Records contained in a dataset
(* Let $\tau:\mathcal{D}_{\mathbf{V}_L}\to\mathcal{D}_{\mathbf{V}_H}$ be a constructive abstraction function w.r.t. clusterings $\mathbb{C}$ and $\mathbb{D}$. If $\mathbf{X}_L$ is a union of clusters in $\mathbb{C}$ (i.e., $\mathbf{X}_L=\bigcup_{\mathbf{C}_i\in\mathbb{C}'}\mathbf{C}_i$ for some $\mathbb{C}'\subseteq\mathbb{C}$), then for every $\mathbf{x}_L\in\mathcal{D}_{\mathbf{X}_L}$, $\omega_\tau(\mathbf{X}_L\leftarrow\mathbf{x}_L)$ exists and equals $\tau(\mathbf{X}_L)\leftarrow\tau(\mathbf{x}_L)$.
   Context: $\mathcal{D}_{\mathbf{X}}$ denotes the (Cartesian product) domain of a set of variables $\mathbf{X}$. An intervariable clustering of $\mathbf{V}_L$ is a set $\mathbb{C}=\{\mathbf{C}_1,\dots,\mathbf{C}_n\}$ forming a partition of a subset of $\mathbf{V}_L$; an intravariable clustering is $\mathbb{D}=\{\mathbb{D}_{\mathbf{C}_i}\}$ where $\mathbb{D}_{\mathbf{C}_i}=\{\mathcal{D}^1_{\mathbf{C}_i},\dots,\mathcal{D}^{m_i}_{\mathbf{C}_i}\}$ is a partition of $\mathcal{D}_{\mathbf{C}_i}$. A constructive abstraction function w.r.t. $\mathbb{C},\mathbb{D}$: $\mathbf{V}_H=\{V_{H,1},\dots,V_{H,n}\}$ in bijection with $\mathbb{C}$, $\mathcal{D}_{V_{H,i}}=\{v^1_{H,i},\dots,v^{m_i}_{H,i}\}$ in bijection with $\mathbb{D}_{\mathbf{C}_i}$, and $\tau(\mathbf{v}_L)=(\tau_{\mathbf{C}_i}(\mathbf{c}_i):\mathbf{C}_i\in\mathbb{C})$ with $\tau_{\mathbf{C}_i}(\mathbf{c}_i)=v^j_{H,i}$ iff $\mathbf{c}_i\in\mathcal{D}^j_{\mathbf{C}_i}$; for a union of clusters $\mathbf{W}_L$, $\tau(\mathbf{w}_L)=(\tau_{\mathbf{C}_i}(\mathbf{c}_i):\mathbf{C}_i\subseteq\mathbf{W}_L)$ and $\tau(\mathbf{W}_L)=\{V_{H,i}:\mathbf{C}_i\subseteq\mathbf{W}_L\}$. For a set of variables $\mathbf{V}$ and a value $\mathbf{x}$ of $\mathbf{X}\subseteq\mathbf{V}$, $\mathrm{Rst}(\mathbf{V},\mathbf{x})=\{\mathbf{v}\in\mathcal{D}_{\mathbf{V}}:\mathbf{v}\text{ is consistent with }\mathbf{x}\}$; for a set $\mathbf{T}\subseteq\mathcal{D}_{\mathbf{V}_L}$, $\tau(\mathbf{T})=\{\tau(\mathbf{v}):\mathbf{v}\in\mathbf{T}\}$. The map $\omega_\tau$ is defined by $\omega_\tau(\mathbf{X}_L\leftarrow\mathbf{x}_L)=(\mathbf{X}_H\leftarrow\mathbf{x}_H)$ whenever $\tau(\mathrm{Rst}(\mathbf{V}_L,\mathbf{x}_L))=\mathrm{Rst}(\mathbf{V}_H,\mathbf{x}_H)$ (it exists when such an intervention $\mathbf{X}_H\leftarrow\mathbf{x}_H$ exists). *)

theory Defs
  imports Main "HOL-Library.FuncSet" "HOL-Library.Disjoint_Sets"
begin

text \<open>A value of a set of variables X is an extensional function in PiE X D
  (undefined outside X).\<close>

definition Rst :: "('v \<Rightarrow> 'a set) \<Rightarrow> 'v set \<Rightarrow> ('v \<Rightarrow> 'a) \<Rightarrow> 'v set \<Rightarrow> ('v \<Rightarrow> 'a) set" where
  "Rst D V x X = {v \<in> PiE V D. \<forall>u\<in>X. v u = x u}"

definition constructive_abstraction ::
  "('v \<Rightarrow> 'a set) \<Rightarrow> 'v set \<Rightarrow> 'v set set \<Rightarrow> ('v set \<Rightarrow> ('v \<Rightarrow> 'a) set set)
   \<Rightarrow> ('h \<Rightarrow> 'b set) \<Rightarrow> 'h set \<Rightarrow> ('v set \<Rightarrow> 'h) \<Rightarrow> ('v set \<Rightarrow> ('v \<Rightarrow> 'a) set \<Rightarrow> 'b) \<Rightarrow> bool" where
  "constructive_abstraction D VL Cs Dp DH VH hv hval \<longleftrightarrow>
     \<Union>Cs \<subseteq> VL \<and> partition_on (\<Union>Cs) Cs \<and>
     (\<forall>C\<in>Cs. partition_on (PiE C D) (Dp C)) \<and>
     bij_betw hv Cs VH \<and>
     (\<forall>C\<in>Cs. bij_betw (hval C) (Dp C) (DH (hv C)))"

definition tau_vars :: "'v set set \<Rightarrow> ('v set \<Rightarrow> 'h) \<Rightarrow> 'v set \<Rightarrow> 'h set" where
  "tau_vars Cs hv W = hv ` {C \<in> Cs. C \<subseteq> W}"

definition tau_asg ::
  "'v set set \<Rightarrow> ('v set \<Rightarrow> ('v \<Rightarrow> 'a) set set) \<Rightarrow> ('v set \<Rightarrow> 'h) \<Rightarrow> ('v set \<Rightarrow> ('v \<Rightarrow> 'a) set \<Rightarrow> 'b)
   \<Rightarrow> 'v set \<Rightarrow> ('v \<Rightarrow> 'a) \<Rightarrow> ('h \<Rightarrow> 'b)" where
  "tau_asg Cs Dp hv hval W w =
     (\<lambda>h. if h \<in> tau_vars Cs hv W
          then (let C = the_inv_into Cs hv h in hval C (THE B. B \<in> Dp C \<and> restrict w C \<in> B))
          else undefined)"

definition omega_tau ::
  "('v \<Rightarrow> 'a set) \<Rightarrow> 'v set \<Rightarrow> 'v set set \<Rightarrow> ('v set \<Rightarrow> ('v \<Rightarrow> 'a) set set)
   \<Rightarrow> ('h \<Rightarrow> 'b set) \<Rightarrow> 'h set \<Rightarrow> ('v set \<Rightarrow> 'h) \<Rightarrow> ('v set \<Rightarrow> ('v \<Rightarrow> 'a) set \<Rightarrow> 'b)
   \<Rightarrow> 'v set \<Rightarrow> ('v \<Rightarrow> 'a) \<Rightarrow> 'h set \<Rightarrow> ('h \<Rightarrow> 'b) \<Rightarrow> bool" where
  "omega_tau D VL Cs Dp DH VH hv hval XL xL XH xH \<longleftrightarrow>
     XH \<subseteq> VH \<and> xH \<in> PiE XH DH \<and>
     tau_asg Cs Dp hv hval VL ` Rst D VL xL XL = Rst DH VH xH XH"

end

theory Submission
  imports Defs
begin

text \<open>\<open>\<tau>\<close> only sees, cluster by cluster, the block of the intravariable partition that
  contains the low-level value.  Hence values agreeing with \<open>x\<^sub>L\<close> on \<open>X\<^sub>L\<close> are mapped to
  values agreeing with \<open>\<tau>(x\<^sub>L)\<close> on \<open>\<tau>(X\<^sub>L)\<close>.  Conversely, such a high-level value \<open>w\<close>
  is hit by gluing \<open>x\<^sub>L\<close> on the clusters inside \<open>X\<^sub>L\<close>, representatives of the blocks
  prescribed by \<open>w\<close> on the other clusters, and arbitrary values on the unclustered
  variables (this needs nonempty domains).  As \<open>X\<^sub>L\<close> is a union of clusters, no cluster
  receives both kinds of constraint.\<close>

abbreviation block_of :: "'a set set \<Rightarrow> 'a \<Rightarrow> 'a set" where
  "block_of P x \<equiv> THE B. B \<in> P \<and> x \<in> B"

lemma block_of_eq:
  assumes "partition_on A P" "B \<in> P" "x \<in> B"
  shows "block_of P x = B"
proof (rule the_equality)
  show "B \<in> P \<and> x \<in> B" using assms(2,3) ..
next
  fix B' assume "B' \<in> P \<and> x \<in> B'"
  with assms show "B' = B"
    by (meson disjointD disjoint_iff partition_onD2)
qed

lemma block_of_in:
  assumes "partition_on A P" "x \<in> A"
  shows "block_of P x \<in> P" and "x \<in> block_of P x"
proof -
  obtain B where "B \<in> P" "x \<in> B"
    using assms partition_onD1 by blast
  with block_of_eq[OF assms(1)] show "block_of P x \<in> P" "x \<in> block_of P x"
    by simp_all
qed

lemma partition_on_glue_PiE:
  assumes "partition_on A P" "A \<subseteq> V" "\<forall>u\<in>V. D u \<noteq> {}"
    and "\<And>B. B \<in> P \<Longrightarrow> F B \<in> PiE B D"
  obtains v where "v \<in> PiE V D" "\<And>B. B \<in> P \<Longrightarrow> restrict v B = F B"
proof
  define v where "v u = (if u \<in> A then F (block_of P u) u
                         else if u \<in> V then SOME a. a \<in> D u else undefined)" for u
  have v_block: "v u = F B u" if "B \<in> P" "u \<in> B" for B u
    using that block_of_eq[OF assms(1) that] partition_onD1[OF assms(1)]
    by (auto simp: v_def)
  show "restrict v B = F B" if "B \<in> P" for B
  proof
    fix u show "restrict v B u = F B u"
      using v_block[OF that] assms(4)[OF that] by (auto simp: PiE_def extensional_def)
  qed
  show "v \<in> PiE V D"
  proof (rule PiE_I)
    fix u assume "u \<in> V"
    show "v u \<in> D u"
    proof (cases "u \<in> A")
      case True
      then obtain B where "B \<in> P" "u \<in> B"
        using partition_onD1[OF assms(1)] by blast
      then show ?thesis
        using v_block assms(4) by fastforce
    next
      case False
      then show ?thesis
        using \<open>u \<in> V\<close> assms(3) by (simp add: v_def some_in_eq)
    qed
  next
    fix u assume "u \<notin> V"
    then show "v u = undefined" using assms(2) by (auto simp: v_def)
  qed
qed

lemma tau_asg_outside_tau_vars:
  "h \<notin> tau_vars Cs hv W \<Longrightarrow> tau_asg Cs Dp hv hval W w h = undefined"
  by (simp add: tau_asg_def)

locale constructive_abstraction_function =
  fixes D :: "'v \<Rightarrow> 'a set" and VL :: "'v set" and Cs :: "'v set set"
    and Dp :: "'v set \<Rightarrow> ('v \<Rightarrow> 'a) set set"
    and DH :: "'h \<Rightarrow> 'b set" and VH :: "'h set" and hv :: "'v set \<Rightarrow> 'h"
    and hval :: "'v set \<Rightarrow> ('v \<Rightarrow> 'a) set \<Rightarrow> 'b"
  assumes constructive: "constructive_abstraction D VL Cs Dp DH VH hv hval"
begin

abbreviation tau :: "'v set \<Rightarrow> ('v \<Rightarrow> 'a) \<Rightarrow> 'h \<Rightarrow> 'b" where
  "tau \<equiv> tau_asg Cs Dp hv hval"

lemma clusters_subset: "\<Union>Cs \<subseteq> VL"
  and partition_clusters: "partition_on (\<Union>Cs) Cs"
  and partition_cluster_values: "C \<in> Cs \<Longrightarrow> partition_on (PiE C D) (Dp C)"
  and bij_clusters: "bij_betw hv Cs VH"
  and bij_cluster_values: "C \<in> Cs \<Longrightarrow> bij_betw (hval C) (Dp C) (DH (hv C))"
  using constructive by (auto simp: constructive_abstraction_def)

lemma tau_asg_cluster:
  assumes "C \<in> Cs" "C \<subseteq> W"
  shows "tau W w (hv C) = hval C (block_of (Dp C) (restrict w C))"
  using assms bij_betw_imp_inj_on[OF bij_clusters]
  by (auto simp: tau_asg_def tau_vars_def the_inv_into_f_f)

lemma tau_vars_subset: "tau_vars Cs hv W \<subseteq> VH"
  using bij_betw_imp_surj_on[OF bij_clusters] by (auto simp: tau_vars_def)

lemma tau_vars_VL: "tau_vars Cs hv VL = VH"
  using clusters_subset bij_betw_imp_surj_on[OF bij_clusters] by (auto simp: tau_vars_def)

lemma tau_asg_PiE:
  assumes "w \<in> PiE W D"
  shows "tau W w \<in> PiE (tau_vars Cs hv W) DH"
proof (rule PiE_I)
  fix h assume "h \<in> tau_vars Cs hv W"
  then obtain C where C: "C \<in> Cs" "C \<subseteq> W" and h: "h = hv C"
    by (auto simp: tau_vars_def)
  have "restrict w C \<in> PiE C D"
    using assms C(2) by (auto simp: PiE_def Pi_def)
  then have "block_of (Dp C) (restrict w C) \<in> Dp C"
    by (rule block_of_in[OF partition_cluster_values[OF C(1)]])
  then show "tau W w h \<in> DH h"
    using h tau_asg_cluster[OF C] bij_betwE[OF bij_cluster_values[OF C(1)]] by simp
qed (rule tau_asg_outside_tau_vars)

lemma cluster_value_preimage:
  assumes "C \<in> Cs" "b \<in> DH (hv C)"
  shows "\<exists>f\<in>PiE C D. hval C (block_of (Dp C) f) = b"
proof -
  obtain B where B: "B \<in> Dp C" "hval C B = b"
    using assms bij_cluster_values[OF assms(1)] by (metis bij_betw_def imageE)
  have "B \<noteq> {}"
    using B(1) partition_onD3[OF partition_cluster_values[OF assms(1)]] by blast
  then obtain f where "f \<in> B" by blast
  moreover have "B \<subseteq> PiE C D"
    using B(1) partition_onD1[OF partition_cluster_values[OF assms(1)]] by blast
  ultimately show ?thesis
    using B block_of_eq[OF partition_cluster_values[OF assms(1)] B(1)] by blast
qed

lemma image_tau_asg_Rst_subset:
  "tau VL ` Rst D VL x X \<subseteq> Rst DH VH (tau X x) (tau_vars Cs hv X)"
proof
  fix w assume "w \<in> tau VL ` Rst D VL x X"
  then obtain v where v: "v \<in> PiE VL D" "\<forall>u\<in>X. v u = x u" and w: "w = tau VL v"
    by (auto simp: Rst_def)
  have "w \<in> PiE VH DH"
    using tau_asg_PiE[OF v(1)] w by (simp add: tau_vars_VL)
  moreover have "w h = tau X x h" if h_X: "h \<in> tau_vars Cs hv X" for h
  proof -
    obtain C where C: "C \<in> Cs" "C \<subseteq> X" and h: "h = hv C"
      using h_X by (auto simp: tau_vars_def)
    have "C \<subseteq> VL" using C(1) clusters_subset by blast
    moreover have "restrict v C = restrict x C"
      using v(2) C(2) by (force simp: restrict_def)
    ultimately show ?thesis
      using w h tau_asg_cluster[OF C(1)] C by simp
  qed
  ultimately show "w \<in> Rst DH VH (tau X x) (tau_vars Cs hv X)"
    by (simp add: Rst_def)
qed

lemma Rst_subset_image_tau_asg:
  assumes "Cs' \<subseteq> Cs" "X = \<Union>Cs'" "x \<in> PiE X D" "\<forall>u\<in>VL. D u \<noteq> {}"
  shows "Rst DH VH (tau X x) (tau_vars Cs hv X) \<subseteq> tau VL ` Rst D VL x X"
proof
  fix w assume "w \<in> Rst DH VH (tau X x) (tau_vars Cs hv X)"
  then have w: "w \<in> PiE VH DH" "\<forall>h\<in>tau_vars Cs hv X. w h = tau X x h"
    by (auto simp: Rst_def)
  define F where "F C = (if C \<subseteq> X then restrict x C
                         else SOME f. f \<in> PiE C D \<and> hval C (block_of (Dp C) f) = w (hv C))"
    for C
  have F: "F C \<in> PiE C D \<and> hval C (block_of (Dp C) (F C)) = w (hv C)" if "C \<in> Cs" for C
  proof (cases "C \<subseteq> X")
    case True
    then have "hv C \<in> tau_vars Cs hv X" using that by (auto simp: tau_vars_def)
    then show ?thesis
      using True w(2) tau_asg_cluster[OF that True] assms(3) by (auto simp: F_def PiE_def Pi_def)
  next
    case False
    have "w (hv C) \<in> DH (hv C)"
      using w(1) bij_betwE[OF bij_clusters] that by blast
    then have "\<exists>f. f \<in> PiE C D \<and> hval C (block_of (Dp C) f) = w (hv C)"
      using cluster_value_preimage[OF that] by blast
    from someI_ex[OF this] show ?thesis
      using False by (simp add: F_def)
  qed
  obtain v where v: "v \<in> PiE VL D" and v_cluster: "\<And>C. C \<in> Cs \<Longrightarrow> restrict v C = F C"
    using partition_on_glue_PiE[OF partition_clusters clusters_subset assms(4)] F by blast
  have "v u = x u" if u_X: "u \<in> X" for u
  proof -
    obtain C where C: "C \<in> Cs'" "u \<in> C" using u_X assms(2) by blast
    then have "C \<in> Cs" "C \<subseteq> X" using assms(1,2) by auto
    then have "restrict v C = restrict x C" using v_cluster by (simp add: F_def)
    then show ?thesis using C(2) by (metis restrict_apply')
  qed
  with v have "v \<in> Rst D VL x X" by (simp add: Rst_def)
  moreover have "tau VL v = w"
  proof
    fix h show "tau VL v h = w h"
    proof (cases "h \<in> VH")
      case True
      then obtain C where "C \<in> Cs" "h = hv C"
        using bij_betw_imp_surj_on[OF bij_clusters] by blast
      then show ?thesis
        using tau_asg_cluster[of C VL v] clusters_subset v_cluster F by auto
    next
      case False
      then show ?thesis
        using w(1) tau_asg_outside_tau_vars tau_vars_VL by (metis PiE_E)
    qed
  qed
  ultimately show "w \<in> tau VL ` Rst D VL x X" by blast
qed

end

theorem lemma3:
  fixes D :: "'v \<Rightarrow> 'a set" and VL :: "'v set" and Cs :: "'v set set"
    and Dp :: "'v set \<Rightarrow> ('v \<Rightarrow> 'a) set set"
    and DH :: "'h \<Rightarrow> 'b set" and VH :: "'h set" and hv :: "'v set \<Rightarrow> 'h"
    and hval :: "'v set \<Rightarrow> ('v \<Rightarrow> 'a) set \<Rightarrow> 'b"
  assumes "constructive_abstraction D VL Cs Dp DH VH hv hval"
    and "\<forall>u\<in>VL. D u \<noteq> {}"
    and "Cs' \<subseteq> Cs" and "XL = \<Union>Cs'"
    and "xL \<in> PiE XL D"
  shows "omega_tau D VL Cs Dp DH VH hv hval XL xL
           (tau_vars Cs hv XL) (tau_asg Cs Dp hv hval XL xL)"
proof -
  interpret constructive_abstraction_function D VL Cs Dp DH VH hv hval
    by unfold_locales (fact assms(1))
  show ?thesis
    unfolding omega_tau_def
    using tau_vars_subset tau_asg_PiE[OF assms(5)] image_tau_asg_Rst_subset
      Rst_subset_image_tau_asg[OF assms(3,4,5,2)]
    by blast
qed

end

> [Aim of the task] What lines in the data above contain the word "longleftrightarrow"? Copy them all.

> [Solution to this problem]
  "constructive_abstraction D VL Cs Dp DH VH hv hval \<longleftrightarrow>
  "omega_tau D VL Cs Dp DH VH hv hval XL xL XH xH \<longleftrightarrow>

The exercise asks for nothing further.